* [About this exercise] From the entries below, please output exactly the lines starting at the one containing "using grad0 unfolding" and ending at the one containing "obtain a1 where", both included.

* [Working data]
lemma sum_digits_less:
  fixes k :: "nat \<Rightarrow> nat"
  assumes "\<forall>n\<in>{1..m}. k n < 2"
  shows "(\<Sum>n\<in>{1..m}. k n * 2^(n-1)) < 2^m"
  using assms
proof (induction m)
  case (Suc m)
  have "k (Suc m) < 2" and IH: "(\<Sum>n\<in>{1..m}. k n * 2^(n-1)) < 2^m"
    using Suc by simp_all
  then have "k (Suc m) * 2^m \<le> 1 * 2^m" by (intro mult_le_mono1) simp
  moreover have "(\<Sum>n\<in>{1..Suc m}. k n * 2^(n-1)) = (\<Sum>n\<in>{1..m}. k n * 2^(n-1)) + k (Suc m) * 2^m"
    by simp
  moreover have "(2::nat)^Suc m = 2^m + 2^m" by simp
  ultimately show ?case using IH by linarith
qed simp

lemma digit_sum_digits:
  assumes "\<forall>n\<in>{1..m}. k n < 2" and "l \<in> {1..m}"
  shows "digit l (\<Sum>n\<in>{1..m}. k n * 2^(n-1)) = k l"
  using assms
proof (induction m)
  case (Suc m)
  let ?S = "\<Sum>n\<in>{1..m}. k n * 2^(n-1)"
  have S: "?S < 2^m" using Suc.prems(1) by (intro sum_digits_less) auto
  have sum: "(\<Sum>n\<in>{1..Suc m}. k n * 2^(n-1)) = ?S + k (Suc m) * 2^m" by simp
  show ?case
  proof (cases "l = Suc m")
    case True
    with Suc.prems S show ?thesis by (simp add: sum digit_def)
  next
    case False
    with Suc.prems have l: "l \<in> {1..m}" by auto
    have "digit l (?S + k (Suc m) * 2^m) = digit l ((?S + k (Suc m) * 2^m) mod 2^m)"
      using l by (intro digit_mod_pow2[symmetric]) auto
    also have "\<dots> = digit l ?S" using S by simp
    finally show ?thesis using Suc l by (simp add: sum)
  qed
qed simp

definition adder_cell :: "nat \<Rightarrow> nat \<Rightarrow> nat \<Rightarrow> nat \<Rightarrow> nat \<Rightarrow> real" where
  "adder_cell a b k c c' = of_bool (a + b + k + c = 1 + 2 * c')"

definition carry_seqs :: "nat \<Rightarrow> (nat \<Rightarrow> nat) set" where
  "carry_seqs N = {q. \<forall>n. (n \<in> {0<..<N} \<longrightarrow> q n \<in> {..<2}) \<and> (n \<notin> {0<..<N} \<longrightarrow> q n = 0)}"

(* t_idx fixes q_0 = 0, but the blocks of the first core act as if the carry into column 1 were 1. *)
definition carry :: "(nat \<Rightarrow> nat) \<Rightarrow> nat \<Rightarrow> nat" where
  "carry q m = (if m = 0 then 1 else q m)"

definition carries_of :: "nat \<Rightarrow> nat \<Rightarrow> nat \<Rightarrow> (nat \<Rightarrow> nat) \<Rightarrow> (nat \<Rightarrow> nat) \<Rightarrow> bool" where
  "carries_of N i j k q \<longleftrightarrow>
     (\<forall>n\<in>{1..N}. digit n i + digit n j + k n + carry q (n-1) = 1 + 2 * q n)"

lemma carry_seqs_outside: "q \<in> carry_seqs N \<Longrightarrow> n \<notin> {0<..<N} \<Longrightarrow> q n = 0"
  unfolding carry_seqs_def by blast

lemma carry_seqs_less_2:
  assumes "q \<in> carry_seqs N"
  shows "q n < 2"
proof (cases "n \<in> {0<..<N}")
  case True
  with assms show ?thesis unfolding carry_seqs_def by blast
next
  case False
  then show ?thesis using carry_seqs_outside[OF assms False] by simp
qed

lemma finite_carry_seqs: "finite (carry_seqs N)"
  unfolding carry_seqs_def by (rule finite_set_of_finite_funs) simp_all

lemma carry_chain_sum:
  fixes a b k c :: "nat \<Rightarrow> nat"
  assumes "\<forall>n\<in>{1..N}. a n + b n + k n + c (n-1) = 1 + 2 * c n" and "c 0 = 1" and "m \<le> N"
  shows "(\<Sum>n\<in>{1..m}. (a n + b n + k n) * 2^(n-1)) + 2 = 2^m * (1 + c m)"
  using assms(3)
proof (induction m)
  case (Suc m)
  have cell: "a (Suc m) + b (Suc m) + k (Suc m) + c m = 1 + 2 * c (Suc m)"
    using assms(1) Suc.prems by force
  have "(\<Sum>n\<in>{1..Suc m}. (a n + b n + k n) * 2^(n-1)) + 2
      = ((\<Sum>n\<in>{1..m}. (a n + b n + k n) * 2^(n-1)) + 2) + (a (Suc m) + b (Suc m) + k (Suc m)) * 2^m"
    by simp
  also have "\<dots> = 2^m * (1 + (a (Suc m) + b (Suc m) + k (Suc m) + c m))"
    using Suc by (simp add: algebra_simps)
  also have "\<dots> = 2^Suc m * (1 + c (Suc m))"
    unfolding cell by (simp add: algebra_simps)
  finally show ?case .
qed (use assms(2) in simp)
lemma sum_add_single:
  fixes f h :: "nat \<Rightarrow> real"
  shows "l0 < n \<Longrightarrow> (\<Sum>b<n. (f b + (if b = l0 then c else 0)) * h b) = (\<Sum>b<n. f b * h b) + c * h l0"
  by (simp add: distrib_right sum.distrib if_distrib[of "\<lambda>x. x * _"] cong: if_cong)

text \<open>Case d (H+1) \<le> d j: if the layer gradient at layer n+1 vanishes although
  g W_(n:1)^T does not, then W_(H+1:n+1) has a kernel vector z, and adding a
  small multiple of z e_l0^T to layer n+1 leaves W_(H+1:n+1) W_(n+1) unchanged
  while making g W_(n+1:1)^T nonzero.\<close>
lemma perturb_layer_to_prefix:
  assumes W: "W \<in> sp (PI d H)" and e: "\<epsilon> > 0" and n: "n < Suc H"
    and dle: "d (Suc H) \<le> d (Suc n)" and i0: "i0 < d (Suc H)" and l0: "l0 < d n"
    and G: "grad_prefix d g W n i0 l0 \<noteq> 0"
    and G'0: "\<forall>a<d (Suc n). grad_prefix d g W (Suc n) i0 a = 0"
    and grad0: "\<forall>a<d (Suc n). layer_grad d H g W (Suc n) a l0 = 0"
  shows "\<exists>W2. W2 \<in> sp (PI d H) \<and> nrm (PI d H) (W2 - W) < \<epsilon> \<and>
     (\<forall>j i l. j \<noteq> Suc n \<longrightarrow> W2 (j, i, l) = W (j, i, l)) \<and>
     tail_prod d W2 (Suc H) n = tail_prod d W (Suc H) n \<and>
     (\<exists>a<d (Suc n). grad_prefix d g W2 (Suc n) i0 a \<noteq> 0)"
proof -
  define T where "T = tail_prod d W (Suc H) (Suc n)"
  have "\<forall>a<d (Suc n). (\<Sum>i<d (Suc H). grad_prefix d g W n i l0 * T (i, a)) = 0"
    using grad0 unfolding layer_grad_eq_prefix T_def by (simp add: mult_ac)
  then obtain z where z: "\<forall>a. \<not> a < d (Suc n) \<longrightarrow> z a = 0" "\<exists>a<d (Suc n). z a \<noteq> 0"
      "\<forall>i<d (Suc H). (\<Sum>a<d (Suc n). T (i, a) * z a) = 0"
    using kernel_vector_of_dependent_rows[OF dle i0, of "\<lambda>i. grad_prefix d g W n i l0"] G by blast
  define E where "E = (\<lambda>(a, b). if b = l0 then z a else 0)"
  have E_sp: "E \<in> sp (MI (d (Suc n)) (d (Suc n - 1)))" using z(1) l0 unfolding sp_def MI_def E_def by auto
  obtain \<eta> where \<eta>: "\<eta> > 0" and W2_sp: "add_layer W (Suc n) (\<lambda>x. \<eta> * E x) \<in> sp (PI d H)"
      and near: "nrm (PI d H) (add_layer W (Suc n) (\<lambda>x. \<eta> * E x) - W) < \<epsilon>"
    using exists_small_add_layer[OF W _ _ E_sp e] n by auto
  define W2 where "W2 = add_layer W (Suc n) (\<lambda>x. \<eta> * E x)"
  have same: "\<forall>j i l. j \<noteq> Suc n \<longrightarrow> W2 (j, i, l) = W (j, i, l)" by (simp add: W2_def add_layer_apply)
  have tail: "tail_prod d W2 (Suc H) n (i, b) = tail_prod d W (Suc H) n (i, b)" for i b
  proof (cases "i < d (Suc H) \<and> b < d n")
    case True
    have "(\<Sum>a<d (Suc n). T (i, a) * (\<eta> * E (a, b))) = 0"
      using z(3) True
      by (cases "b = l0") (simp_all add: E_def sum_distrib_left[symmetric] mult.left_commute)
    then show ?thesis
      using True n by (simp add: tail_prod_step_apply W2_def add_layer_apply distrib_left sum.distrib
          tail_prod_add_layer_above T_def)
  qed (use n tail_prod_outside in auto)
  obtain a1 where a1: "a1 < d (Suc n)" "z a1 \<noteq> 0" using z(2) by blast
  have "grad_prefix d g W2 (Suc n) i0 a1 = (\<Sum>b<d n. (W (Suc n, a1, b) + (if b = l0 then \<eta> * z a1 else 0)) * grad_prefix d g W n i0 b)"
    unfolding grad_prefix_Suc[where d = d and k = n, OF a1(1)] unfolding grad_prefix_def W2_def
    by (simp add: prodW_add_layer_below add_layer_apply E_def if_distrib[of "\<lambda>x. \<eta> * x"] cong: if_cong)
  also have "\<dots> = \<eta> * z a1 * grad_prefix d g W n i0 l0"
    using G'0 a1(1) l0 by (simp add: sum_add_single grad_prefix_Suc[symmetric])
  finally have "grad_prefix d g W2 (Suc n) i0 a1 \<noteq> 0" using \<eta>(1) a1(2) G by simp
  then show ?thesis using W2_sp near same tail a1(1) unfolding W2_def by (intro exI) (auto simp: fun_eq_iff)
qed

* [Solution to the problem]
    using grad0 unfolding layer_grad_eq_prefix T_def by (simp add: mult_ac)
  then obtain z where z: "\<forall>a. \<not> a < d (Suc n) \<longrightarrow> z a = 0" "\<exists>a<d (Suc n). z a \<noteq> 0"
      "\<forall>i<d (Suc H). (\<Sum>a<d (Suc n). T (i, a) * z a) = 0"
    using kernel_vector_of_dependent_rows[OF dle i0, of "\<lambda>i. grad_prefix d g W n i l0"] G by blast
  define E where "E = (\<lambda>(a, b). if b = l0 then z a else 0)"
  have E_sp: "E \<in> sp (MI (d (Suc n)) (d (Suc n - 1)))" using z(1) l0 unfolding sp_def MI_def E_def by auto
  obtain \<eta> where \<eta>: "\<eta> > 0" and W2_sp: "add_layer W (Suc n) (\<lambda>x. \<eta> * E x) \<in> sp (PI d H)"
      and near: "nrm (PI d H) (add_layer W (Suc n) (\<lambda>x. \<eta> * E x) - W) < \<epsilon>"
    using exists_small_add_layer[OF W _ _ E_sp e] n by auto
  define W2 where "W2 = add_layer W (Suc n) (\<lambda>x. \<eta> * E x)"
  have same: "\<forall>j i l. j \<noteq> Suc n \<longrightarrow> W2 (j, i, l) = W (j, i, l)" by (simp add: W2_def add_layer_apply)
  have tail: "tail_prod d W2 (Suc H) n (i, b) = tail_prod d W (Suc H) n (i, b)" for i b
  proof (cases "i < d (Suc H) \<and> b < d n")
    case True
    have "(\<Sum>a<d (Suc n). T (i, a) * (\<eta> * E (a, b))) = 0"
      using z(3) True
      by (cases "b = l0") (simp_all add: E_def sum_distrib_left[symmetric] mult.left_commute)
    then show ?thesis
      using True n by (simp add: tail_prod_step_apply W2_def add_layer_apply distrib_left sum.distrib
          tail_prod_add_layer_above T_def)
  qed (use n tail_prod_outside in auto)
  obtain a1 where a1: "a1 < d (Suc n)" "z a1 \<noteq> 0" using z(2) by blast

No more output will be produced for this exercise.